Report how many lines in the records below hold the word "that". Add nothing to the number.

*** Opening Extracted entries ***

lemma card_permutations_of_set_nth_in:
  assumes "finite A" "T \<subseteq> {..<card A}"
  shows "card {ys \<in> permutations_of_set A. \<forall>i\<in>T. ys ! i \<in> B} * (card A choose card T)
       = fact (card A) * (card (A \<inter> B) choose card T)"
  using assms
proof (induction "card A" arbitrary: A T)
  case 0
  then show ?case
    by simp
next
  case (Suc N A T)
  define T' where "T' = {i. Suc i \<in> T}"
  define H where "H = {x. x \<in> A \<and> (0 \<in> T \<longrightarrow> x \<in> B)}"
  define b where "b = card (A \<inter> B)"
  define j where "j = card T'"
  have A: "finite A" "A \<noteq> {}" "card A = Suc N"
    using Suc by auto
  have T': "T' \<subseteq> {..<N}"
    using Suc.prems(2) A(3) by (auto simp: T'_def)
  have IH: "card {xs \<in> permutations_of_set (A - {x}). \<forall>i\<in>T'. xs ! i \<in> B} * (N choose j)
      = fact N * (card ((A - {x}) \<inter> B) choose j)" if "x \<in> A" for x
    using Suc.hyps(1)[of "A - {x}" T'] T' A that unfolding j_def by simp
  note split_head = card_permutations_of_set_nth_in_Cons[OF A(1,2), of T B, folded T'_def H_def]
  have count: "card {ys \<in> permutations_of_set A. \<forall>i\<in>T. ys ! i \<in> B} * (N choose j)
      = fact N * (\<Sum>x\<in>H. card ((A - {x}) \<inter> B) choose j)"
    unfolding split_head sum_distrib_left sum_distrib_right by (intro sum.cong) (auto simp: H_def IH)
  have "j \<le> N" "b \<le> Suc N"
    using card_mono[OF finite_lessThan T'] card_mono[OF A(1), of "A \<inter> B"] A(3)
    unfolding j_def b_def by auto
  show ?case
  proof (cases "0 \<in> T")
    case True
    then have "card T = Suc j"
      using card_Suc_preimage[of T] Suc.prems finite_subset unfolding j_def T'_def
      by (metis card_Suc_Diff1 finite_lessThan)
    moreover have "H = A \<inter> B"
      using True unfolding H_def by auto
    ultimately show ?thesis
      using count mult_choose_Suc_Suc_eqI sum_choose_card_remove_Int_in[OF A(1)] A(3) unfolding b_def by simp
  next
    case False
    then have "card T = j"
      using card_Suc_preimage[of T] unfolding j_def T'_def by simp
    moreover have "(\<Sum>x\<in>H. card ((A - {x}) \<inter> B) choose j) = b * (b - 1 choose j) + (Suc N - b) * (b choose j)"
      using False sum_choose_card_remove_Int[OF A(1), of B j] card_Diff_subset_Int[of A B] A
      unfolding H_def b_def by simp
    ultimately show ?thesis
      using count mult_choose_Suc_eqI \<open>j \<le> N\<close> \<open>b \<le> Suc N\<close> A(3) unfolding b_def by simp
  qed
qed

*** Closing Extracted entries ***
*** Opening Extracted entries ***

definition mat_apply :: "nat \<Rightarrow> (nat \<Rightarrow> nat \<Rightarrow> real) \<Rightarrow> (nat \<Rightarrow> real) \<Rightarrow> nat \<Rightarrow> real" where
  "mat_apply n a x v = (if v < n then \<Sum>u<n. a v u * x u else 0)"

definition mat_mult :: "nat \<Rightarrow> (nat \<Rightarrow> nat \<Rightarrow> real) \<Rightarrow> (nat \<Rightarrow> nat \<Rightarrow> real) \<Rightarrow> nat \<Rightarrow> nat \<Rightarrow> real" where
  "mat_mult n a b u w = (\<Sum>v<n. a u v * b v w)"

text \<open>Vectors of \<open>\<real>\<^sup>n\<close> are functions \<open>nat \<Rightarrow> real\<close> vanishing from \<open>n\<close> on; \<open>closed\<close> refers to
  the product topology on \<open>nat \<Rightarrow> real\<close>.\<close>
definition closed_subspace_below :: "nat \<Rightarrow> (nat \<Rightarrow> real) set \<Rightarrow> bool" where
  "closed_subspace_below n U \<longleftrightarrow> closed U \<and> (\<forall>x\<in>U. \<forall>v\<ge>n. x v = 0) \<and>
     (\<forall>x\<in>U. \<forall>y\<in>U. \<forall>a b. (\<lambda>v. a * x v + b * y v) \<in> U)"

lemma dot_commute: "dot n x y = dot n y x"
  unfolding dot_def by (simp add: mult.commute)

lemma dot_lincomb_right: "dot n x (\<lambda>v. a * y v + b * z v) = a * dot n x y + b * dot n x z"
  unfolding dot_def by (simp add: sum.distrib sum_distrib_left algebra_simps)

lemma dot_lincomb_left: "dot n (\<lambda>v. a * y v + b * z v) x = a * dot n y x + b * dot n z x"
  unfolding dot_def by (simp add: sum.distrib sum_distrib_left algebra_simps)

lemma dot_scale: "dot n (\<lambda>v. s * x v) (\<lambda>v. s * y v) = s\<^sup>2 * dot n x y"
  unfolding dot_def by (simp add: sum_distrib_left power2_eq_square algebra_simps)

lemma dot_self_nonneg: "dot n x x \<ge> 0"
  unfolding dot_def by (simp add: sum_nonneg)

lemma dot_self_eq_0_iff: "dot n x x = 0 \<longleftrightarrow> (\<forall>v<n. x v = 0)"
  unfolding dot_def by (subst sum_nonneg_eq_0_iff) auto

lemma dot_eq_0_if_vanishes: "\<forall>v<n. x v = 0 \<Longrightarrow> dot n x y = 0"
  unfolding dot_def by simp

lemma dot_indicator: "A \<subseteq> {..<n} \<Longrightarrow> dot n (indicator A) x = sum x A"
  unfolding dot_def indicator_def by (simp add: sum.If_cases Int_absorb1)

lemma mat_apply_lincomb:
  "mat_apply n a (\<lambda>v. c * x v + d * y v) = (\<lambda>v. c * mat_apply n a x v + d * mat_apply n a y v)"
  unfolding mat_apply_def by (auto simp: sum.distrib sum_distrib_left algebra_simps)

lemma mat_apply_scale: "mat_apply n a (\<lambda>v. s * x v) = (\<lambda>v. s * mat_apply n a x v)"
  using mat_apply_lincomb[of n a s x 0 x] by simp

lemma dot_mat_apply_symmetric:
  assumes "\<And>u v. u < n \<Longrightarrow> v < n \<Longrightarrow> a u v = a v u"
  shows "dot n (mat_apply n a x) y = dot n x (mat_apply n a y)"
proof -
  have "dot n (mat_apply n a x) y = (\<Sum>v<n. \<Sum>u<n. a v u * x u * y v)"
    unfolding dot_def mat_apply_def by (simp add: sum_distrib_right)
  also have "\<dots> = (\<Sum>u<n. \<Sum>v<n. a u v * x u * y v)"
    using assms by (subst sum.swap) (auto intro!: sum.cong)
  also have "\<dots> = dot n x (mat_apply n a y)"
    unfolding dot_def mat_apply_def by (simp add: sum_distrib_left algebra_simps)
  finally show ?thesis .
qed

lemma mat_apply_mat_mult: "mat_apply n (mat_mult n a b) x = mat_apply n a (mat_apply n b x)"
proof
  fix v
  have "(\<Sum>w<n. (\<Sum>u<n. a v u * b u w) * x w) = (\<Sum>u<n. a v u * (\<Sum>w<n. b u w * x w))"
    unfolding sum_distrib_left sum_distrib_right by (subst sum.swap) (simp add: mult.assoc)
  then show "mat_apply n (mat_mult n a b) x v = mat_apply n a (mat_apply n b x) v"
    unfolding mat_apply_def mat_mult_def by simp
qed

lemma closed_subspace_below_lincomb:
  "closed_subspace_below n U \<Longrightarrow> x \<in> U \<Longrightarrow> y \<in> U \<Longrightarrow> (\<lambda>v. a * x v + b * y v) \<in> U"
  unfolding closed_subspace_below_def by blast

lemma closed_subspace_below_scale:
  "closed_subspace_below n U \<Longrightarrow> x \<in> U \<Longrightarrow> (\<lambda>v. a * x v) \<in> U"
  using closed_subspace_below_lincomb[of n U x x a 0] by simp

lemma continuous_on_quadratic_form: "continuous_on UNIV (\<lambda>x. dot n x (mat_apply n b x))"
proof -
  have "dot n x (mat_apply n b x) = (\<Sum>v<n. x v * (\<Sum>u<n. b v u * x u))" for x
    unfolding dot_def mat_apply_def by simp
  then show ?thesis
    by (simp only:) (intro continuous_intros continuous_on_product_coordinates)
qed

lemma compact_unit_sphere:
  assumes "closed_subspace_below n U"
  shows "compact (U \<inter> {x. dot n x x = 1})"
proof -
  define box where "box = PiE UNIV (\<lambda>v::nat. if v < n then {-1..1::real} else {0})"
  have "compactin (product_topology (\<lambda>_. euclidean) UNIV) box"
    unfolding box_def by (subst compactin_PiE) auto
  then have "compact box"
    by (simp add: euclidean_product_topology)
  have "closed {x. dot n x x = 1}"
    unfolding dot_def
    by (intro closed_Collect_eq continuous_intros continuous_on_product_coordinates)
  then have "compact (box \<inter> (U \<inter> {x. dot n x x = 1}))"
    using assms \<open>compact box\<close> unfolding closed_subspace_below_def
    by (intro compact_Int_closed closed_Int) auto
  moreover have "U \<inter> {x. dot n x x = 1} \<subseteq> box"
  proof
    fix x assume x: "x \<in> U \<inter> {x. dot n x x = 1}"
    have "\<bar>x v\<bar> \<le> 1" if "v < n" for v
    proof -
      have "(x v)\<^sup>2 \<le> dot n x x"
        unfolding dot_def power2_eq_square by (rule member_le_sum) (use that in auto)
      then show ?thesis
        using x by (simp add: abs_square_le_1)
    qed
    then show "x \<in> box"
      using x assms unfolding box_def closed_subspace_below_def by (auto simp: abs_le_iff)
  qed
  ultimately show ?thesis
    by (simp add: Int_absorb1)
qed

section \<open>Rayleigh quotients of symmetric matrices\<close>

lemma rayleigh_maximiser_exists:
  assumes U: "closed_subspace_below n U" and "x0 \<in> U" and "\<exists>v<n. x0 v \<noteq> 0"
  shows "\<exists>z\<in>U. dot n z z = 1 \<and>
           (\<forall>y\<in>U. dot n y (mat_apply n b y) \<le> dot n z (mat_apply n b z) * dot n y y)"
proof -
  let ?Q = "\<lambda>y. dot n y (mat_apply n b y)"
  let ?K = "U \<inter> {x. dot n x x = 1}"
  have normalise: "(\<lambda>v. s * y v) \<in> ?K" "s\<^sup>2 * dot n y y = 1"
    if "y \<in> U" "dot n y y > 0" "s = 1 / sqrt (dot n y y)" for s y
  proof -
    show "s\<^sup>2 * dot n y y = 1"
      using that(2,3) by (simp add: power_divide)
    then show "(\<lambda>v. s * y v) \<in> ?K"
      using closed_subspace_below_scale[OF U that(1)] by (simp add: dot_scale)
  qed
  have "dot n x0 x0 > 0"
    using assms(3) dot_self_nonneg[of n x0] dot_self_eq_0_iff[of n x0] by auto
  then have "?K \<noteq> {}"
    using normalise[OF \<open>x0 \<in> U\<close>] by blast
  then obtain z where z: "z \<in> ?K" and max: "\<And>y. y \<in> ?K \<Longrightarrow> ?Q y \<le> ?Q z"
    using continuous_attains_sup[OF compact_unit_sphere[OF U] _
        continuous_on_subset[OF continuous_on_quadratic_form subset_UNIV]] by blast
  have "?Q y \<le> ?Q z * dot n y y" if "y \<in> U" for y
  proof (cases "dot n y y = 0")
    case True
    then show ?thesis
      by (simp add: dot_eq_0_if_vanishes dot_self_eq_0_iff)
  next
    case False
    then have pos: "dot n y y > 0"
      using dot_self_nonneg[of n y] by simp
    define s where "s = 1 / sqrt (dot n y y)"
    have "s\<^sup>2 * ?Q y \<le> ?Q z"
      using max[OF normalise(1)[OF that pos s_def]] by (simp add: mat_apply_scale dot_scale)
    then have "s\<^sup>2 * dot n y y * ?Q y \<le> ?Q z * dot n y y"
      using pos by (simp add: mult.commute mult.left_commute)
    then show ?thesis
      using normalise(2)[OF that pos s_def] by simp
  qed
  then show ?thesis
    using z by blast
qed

*** Closing Extracted entries ***

**Task result**
6